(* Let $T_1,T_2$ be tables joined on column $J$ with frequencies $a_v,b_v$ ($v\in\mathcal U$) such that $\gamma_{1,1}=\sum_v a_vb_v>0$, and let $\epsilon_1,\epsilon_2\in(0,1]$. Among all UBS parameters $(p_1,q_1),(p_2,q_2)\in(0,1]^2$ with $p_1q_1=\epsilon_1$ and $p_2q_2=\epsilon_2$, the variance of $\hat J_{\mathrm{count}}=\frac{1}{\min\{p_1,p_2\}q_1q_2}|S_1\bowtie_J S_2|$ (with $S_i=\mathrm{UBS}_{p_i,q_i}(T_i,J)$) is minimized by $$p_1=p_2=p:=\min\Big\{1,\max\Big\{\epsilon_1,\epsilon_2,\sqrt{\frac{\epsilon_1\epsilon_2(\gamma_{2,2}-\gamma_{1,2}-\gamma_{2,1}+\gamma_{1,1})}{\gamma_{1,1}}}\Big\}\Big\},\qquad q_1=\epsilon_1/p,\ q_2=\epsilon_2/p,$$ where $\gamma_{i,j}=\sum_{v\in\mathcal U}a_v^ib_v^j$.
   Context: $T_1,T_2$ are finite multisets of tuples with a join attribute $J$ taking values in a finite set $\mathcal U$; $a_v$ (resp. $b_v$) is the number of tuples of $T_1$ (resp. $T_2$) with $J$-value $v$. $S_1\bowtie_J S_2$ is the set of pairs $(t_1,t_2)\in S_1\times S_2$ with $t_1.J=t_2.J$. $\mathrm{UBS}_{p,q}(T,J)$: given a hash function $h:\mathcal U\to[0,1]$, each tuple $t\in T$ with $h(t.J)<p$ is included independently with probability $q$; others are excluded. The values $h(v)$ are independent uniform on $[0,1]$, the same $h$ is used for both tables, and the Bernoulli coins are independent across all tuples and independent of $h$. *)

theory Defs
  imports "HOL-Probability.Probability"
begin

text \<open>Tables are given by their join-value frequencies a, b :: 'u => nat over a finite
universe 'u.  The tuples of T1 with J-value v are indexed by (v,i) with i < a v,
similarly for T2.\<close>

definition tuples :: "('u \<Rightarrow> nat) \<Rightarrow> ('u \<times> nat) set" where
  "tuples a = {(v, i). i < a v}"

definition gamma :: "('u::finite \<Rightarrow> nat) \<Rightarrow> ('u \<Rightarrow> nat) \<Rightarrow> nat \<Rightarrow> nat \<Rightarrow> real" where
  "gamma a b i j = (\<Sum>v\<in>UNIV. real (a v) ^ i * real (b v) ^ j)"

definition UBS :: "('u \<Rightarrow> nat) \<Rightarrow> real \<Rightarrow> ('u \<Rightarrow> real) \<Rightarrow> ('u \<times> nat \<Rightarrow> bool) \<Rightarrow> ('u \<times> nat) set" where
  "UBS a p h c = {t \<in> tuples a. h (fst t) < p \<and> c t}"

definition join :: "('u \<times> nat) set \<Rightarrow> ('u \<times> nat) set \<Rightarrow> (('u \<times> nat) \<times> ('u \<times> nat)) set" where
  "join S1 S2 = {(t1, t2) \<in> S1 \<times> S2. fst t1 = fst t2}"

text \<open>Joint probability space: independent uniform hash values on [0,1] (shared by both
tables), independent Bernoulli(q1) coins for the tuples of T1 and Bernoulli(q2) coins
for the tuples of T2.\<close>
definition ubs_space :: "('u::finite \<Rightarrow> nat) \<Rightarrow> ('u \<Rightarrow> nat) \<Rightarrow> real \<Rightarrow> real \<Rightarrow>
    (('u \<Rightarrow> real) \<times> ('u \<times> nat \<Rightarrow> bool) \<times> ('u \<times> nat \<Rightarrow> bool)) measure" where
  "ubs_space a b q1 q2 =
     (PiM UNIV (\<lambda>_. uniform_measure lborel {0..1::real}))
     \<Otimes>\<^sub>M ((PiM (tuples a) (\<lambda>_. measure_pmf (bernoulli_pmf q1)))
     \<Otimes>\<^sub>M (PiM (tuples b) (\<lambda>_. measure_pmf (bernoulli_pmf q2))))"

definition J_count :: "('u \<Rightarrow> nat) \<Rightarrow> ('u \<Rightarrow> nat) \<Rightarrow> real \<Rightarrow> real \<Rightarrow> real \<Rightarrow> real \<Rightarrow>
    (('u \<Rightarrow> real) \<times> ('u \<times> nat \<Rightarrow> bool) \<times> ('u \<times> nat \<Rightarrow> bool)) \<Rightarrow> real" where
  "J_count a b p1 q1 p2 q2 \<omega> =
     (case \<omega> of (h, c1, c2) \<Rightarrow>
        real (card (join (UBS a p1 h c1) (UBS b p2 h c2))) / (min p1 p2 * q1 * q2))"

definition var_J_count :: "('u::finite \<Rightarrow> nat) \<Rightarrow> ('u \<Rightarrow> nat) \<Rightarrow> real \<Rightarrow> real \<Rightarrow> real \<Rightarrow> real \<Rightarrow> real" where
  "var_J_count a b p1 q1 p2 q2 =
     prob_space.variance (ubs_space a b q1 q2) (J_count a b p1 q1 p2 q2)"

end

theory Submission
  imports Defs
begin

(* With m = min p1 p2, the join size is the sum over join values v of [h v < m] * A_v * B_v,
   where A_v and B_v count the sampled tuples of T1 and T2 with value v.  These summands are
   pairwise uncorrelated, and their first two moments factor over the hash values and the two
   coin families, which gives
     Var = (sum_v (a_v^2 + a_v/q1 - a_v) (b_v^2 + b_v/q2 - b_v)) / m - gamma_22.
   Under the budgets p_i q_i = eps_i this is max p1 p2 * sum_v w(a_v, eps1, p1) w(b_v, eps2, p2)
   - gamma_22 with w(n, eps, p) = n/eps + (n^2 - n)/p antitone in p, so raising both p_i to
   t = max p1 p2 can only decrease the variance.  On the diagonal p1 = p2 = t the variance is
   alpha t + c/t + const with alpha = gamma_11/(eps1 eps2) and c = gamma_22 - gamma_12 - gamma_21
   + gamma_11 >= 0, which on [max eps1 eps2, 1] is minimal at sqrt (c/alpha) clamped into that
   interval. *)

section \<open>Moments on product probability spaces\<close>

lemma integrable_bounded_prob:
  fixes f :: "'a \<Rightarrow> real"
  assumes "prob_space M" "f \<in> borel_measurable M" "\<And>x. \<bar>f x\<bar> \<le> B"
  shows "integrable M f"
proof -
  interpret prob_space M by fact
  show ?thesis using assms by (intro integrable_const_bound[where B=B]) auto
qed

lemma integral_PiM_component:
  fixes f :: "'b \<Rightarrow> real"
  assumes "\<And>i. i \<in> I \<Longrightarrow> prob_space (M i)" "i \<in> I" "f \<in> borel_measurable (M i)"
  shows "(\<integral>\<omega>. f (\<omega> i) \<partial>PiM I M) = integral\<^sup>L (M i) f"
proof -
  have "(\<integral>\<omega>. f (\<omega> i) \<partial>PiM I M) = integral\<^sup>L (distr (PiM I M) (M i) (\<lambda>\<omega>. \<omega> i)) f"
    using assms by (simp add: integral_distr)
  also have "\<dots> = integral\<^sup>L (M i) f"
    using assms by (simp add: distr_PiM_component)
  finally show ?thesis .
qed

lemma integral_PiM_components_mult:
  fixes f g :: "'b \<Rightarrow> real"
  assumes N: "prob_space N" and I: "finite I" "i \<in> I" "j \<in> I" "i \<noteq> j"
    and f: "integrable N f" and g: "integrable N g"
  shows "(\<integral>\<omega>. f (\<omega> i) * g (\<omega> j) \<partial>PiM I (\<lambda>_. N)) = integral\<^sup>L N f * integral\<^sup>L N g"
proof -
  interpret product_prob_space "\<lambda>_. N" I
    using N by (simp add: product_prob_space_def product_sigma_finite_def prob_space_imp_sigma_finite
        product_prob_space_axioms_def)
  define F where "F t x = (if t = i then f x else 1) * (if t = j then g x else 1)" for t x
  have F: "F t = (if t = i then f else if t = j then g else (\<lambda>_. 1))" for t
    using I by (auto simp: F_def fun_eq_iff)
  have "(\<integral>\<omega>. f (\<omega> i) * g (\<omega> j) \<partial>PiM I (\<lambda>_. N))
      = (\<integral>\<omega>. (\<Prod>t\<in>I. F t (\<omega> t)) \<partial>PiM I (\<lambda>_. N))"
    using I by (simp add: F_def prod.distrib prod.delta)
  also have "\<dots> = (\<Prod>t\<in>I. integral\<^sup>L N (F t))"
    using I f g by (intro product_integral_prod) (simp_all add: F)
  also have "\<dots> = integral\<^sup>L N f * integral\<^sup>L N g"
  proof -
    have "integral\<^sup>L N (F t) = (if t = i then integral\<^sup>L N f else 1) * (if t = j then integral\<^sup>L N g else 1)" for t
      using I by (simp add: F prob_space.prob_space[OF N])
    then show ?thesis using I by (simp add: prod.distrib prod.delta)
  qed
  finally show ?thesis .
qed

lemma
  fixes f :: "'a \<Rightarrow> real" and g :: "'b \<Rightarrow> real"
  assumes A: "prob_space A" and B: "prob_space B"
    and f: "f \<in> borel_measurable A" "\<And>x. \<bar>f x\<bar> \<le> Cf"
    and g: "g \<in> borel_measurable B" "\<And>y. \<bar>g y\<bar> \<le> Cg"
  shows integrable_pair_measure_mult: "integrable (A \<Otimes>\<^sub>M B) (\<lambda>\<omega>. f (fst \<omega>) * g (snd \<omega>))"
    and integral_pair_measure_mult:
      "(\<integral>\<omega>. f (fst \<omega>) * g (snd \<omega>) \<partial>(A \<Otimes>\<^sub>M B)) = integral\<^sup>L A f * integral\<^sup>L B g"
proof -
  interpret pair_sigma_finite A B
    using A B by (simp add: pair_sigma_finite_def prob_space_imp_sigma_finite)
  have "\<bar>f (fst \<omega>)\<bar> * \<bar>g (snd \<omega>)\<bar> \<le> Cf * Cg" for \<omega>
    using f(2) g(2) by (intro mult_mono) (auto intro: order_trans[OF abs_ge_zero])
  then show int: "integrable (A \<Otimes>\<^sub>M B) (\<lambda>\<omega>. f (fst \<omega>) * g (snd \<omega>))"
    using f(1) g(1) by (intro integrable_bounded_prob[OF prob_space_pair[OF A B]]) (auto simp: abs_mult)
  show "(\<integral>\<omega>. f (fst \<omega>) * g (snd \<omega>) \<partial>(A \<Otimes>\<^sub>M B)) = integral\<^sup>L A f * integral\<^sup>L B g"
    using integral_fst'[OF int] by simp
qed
────────────────────────────────────────
In the records above, which lines hold the string "delta"? Copy each one.

    using I by (simp add: F_def prod.distrib prod.delta)
    then show ?thesis using I by (simp add: prod.distrib prod.delta)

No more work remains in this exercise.